On the other hand, I am not sure just when Eisenhower was convinced that a series of spysats would be a possible and good solution to his intelligence dilemmas, at a guess I'd say no earlier than 1954. I'm also not sure just how early the idea would have percolated upward in the bureaucratic chain of command to land on the desk of any Presidential intelligence or science advisor, nor even how early space enthusiasts would have made the proposal for that mission seriously. In the 1940s, probably there would have been little confidence that an automated machine could have done the job and such notions would have been linked to the idea of putting a human being into orbit, which of course greatly complicates the matter by requiring a method of landing that person, along with their negatives, safely. The mass of a capsule that can carry and sustain a person is greater. (Though actually spysats, especially early ones, needed a lot of mass too, for good telescopic camera lenses, and as technology progressed allowing a spysat of a given capability to be smaller, the ambitions increased at a faster pace and the trend was for spysats to get bigger and bigger in fact). So that would have made early surveillance satellite proposals that much more blue-sky and remote--and meanwhile, since we are putting at least one human into space, mixed the surveillance mission in with many other objectives. After all the first human launched into orbit would be big big news, lots of luck trying to keep it secret!
So I don't think it was just cultural conservatism that marginalized the space program until the latter half of the 50s.
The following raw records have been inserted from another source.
lemma pred_pt_eq_iff_is_succ:
  assumes "finite P" "s \<in> P" "x \<in> P" "x \<noteq> s" "y \<in> P" "y \<noteq> s"
  shows "pred_pt P s y = x \<longleftrightarrow> is_succ P s x y"
proof (cases "s < y")
  case True
  let ?B = "{z \<in> P. z < y}"
  have "finite ?B" "?B \<noteq> {}" "s \<in> ?B" using assms True by auto
  then have "pred_pt P s y = x \<longleftrightarrow> x \<in> ?B \<and> (\<forall>z\<in>?B. z \<le> x)"
    using True Max_eq_iff[of ?B x] by (simp add: pred_pt_def)
  also have "\<dots> \<longleftrightarrow> is_succ P s x y"
    using assms \<open>s \<in> ?B\<close> unfolding is_succ_def beyond_def by (smt (verit) mem_Collect_eq)
  finally show ?thesis .
next
  case False
  then have "y < s" using assms by simp
  let ?B = "{z \<in> P. y < z}"
  have "finite ?B" "?B \<noteq> {}" "s \<in> ?B" using assms \<open>y < s\<close> by auto
  then have "pred_pt P s y = x \<longleftrightarrow> x \<in> ?B \<and> (\<forall>z\<in>?B. x \<le> z)"
    using False Min_eq_iff[of ?B x] by (simp add: pred_pt_def)
  also have "\<dots> \<longleftrightarrow> is_succ P s x y"
    using assms \<open>s \<in> ?B\<close> unfolding is_succ_def beyond_def by (smt (verit) mem_Collect_eq)
  finally show ?thesis .
qed

lemma std_range_insert_increase:
  assumes "finite P" "x \<in> P" "x \<noteq> s"
    and "std_range P s x < std_range (insert q P) s x"
  shows "beyond s x q" "\<forall>z\<in>P. \<not> beyond s x z"
proof -
  have fin': "finite (insert q P)" and x': "x \<in> insert q P" using assms by auto
  show no_beyond: "\<forall>z\<in>P. \<not> beyond s x z"
  proof (cases rule: std_range_cases[OF assms(1-3)])
    case (1 y)
    then have "y \<in> insert q P" "beyond s x y" by (auto simp: is_succ_def)
    then have "std_range (insert q P) s x \<le> \<bar>y - x\<bar>" by (rule std_range_le_dist[OF fin' x' assms(3)])
    then show ?thesis using 1 assms(4) by simp
  qed
  show "beyond s x q"
  proof (cases rule: std_range_cases[OF fin' x' assms(3)])
    case (1 y)
    then have "y \<in> insert q P" "beyond s x y" by (auto simp: is_succ_def)
    then show ?thesis using no_beyond by auto
  next
    case 2
    then show ?thesis using assms(4) std_range_nonneg[of P s x] by simp
  qed
qed

lemma std_range_insert_decrease:
  assumes "finite P" "x \<in> P" "x \<noteq> s"
    and "std_range (insert q P) s x < std_range P s x"
  shows "beyond s x q" "\<forall>z\<in>P. beyond s x z \<longrightarrow> \<bar>q - x\<bar> < \<bar>z - x\<bar>"
proof -
  have fin': "finite (insert q P)" and x': "x \<in> insert q P" using assms by auto
  have le_dist: "std_range P s x \<le> \<bar>z - x\<bar>" if "z \<in> P" "beyond s x z" for z
    using std_range_le_dist[OF assms(1-3) that] .
  obtain y where y: "y \<in> insert q P" "beyond s x y" "std_range (insert q P) s x = \<bar>y - x\<bar>"
  proof (cases rule: std_range_cases[OF fin' x' assms(3)])
    case (1 y)
    then show ?thesis using that by (auto simp: is_succ_def)
  next
    case 2
    then have "std_range P s x = 0"
      using std_range_cases[OF assms(1-3)] by (metis insertCI is_succ_def)
    then show ?thesis using 2 assms(4) by simp
  qed
  have "y = q" using y le_dist assms(4) by force
  then show "beyond s x q" "\<forall>z\<in>P. beyond s x z \<longrightarrow> \<bar>q - x\<bar> < \<bar>z - x\<bar>"
    using y le_dist assms(4) by force+
qed

lemma card_std_range_increase_le_1:
  assumes "finite P" "s \<in> P" "q \<notin> P"
  shows "card {x \<in> insert q P. std_range P s x < std_range (insert q P) s x} \<le> 1"
proof -
  let ?I = "{x \<in> insert q P. std_range P s x < std_range (insert q P) s x}"
  have fin': "finite (insert q P)" using assms(1) by simp
  have increase: "beyond s x q" "\<forall>z\<in>P. \<not> beyond s x z" if "x \<in> ?I" "x \<in> P" for x
  proof -
    have "x \<noteq> s" using that(1) by (auto simp: std_range_def)
    then show "beyond s x q" "\<forall>z\<in>P. \<not> beyond s x z"
      using std_range_insert_increase[OF assms(1) \<open>x \<in> P\<close>] that(1) by auto
  qed
  have in_P: "y \<in> P" if "x \<in> ?I" "x \<in> P" "y \<in> ?I" for x y
  proof (rule ccontr)
    assume "y \<notin> P"
    then have "y = q" using that(3) by blast
    have "\<not> beyond s q z" if "z \<in> insert q P" for z
      using that increase[OF \<open>x \<in> ?I\<close> \<open>x \<in> P\<close>] beyond_trans by (auto simp: beyond_def)
    then have "std_range (insert q P) s q = 0"
      using assms by (intro std_range_eq_0_if_no_beyond[OF fin']) auto
    then show False using that(3) \<open>y = q\<close> std_range_outside[OF assms(3)] by simp
  qed
  have "x = y" if "x \<in> ?I" "y \<in> ?I" "x \<in> P" for x y
  proof -
    have "y \<in> P" using in_P that by blast
    then show ?thesis
      using beyond_same_side[OF increase(1)[OF that(1,3)] increase(1)[OF that(2) \<open>y \<in> P\<close>]]
        increase(2)[OF that(1,3)] increase(2)[OF that(2) \<open>y \<in> P\<close>] that(3) by blast
  qed
  then have "\<forall>x\<in>?I. \<forall>y\<in>?I. x = y" by blast
  then show ?thesis using fin' by (simp add: card_le_Suc0_iff_eq)
qed

lemma card_std_range_decrease_le_1:
  assumes "finite P" "s \<in> P" "q \<notin> P"
  shows "card {x \<in> insert q P. std_range (insert q P) s x < std_range P s x} \<le> 1"
proof -
  let ?D = "{x \<in> insert q P. std_range (insert q P) s x < std_range P s x}"
  have decrease: "x \<in> P \<and> beyond s x q \<and> (\<forall>z\<in>P. beyond s x z \<longrightarrow> \<bar>q - x\<bar> < \<bar>z - x\<bar>)"
    if "x \<in> ?D" for x
  proof -
    have "x \<in> P"
      using that std_range_nonneg[of "insert q P" s x] std_range_outside[of x P s] by force
    moreover have "x \<noteq> s" using that by (auto simp: std_range_def)
    ultimately show ?thesis using std_range_insert_decrease[OF assms(1)] that by blast
  qed
  have "x = y" if "x \<in> ?D" "y \<in> ?D" for x y
  proof (rule ccontr)
    assume "x \<noteq> y"
    with decrease[OF that(1)] decrease[OF that(2)] show False
      unfolding beyond_def by (smt (verit))
  qed
  then have "\<forall>x\<in>?D. \<forall>y\<in>?D. x = y" by blast
  then show ?thesis using assms(1) by (simp add: card_le_Suc0_iff_eq)
qed

lemma min_cost_range_le:
  assumes "0 < \<alpha>" "finite P" "min_cost_feasible \<alpha> P s \<rho>" "is_btree P s \<rho> par" "x \<in> P" "0 \<le> v"
    and children: "\<forall>y\<in>P - {s}. par y = x \<longrightarrow> \<bar>y - x\<bar> \<le> v"
  shows "\<rho> x \<le> v"
proof (rule ccontr)
  assume "\<not> \<rho> x \<le> v"
  then have less: "v < \<rho> x" by simp
  define \<rho>' where "\<rho>' = \<rho>(x := v)"
  have "range_assignment P \<rho>'"
    using assms(3,5,6) unfolding min_cost_feasible_def range_assignment_def \<rho>'_def by auto
  moreover have "is_btree P s \<rho>' par"
    using assms(4) children unfolding is_btree_def \<rho>'_def by auto
  ultimately have "cost \<alpha> P \<rho> \<le> cost \<alpha> P \<rho>'"
    using assms(3) unfolding min_cost_feasible_def feasible_def by blast
  moreover have "cost \<alpha> P \<rho> = \<rho> x powr \<alpha> + (\<Sum>p\<in>P - {x}. \<rho> p powr \<alpha>)"
    unfolding cost_def using assms(2,5) by (simp add: sum.remove)
  moreover have "cost \<alpha> P \<rho>' = v powr \<alpha> + (\<Sum>p\<in>P - {x}. \<rho> p powr \<alpha>)"
    unfolding cost_def \<rho>'_def using assms(2,5) by (simp add: sum.remove)
  moreover have "v powr \<alpha> < \<rho> x powr \<alpha>"
    using powr_less_mono2[OF assms(1) assms(6) less] .
  ultimately show False by simp
qed

lemma structured_opt_parents:
  assumes "finite P" "structured_opt \<alpha> P s \<rho>" "\<not> one_sided P s"
  obtains par p where "min_cost_feasible \<alpha> P s \<rho>" "is_btree P s \<rho> par" "p \<in> P"
    "\<forall>y\<in>P - {s}. par y = pred_pt P s y \<or> par y = p"
proof -
  let ?reach = "\<lambda>p. {y \<in> P. \<bar>y - p\<bar> \<le> \<rho> p}"
  have mcf: "min_cost_feasible \<alpha> P s \<rho>"
    using assms(2) unfolding structured_opt_def if_not_P[OF assms(3)] by (rule conjunct1)
  obtain par p where tree: "is_btree P s \<rho> par" and "p \<in> P"
    and chain: "\<forall>x\<in>P. x \<noteq> s \<and> on_chain s p x \<longrightarrow> par x = pred_pt P s x"
    and star: "\<forall>x\<in>P. x \<noteq> p \<and> \<bar>x - p\<bar> \<le> \<rho> p \<and> \<not> on_chain s p x \<longrightarrow> par x = p"
    and right: "\<forall>x\<in>P. x > Max (?reach p) \<longrightarrow> par x = pred_pt P s x"
    and left: "\<forall>x\<in>P. x < Min (?reach p) \<longrightarrow> par x = pred_pt P s x"
    using assms(2,3) unfolding structured_opt_def if_not_P[OF assms(3)] by (elim conjE exE) blast
  have "0 \<le> \<rho> p" using mcf \<open>p \<in> P\<close> by (simp add: min_cost_feasible_def range_assignment_def)
  then have reach: "finite (?reach p)" "p \<in> ?reach p" using assms(1) \<open>p \<in> P\<close> by auto
  have "par y = pred_pt P s y \<or> par y = p" if "y \<in> P - {s}" for y
  proof (cases "on_chain s p y")
    case True
    then show ?thesis using chain that by simp
  next
    case off_chain: False
    then have "y \<noteq> p" by (auto simp: on_chain_def)
    show ?thesis
    proof (cases "\<bar>y - p\<bar> \<le> \<rho> p")
      case True
      then show ?thesis using star that off_chain \<open>y \<noteq> p\<close> by simp
    next
      case False
      have "Max (?reach p) < y" if "p < y"
        using reach False that by (subst Max_less_iff) auto
      moreover have "y < Min (?reach p)" if "\<not> p < y"
        using reach False that by (subst Min_gr_iff) auto
      ultimately show ?thesis using left right that by auto
    qed
  qed
  then show ?thesis using that mcf tree \<open>p \<in> P\<close> by blast
qed

lemma min_cost_range_cases:
  assumes "0 < \<alpha>" "finite P" "s \<in> P" "min_cost_feasible \<alpha> P s \<rho>" "is_btree P s \<rho> par"
    and parents: "\<forall>y\<in>P - {s}. par y = pred_pt P s y \<or> par y = p"
    and "x \<in> P" "x \<notin> {s, p}"
  shows "\<rho> x = 0 \<or> \<rho> x = std_range P s x"
proof -
  have child_dist: "\<bar>y - x\<bar> = std_range P s x" if "y \<in> P - {s}" "par y = x" for y
  proof -
    have "pred_pt P s y = x" using parents that assms(8) by force
    then have "is_succ P s x y" using pred_pt_eq_iff_is_succ assms(2,3,7,8) that(1) by blast
    then show ?thesis using std_range_is_succ assms(2,7,8) by simp
  qed
  have "\<rho> x \<le> std_range P s x"
    using child_dist std_range_nonneg by (intro min_cost_range_le[OF assms(1,2,4,5,7)]) auto
  show ?thesis
  proof (cases "\<exists>y\<in>P - {s}. par y = x")
    case True
    then obtain y where "y \<in> P - {s}" "par y = x" by blast
    then have "std_range P s x \<le> \<rho> x"
      using assms(5) child_dist unfolding is_btree_def by force
    then show ?thesis using \<open>\<rho> x \<le> std_range P s x\<close> by simp
  next
    case False
    then have "\<rho> x \<le> 0" by (intro min_cost_range_le[OF assms(1,2,4,5,7)]) auto
    moreover have "0 \<le> \<rho> x"
      using assms(4,7) by (simp add: min_cost_feasible_def range_assignment_def)
    ultimately show ?thesis by simp
  qed
qed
It was realism that pointed out that a satellite, unless it was just a dumb hunk of metal just to score prestige points (or a passive comsat like Echo) would be a manned mission, much harder to achieve.
Could a crash program determined for some unspecified reason to accomplish that as quick as possible have done so before Yuri Gagarin actually became the first man in orbit in 1961? Or even before Sputnik in 1957? I suppose, with enough effort, it might have been done. I do think we'd want more advanced rocket engines than the alcohol-burning V-2 engines! With lots of them clustered, with lots of stages, with an escape system for a capsule for the pilot because launch failure would be quite likely, maybe this might have been done by 1950, using kerosene-like rocket fuel and liquid oxygen, or possibly the "storable" hypergolic room-temperature acids used by the Titan rockets that launched Gemini OTL--these latter are very nasty stuff though, I personally would push for ker-lox.
So, maybe a decade more advanced, but the capabilities of a given system would be less than their OTL counterparts a decade later, and their costs much higher.
And one still has to think of a motive for a government to put that high a priority on it. Especially when the decision-makers involved would presume that gradual progress on all fronts, particularly linked to the development of ballistic missiles that both Americans and Russians were keen enough on doing, would solve many problems for them and eventually bring the capability within their grasp without a crash program, so the hypothetical alt-motivation would have to be of an emergency character that could not wait patiently like that.
The best I can think of is, an alien spaceship strands itself in orbit and the mission is to get to it and claim it first.